Read the entries below and pull out each line with the string "intensity".
**********
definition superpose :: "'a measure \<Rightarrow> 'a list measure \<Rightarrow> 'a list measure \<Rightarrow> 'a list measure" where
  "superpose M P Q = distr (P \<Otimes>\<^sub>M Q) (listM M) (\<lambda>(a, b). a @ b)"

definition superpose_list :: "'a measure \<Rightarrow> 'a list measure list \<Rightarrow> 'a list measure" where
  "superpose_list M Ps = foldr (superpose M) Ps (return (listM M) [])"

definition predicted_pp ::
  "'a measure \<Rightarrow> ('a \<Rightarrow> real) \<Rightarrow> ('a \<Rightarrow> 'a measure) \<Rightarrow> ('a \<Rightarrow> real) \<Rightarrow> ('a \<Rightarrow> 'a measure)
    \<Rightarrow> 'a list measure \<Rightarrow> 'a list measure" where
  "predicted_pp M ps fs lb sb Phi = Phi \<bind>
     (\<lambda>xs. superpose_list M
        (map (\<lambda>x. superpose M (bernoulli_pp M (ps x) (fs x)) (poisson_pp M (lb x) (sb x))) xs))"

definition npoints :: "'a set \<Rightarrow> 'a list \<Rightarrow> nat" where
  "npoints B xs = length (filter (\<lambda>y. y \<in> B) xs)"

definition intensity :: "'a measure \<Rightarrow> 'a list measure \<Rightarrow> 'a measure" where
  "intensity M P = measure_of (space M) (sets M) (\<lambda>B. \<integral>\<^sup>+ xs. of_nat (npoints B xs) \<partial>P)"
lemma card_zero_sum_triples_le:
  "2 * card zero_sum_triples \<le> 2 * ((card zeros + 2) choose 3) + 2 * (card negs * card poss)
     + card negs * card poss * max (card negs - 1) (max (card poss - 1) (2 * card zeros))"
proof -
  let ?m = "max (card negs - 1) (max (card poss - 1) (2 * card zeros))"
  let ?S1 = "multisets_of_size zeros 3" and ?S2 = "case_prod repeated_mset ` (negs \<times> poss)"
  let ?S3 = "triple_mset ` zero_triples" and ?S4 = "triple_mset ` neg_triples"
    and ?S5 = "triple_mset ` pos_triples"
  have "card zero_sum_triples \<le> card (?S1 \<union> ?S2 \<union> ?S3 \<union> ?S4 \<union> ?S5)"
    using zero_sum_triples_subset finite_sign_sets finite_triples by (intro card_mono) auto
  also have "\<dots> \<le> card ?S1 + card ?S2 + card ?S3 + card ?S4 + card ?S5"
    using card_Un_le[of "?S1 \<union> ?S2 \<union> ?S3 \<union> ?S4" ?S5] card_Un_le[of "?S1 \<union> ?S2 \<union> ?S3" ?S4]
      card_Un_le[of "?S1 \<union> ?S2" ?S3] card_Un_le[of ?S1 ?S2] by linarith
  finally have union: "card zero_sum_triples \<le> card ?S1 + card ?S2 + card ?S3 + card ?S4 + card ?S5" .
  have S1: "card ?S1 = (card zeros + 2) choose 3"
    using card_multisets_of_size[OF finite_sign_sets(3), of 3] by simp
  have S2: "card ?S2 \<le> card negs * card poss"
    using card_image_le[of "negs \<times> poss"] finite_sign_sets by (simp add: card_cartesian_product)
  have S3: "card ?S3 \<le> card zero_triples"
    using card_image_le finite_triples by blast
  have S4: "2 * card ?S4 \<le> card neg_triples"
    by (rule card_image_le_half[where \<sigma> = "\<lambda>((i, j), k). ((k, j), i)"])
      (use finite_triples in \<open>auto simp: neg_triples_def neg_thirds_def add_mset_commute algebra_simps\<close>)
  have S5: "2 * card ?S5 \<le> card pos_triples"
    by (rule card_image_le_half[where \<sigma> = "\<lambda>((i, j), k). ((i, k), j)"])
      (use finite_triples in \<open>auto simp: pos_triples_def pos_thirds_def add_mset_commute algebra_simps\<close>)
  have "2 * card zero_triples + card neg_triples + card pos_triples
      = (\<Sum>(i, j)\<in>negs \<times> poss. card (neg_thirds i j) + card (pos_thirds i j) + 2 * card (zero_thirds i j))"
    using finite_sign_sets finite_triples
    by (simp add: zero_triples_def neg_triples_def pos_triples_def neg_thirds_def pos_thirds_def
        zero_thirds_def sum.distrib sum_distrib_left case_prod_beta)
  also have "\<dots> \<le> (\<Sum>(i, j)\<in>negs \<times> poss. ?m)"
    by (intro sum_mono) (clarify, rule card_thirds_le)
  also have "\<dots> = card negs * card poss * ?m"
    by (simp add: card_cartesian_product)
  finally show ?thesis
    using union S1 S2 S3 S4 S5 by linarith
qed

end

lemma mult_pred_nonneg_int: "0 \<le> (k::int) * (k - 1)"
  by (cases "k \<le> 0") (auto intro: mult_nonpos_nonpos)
**********
▸ **OUTPUT FOR THIS EXERCISE**:
definition intensity :: "'a measure \<Rightarrow> 'a list measure \<Rightarrow> 'a measure" where
  "intensity M P = measure_of (space M) (sets M) (\<lambda>B. \<integral>\<^sup>+ xs. of_nat (npoints B xs) \<partial>P)"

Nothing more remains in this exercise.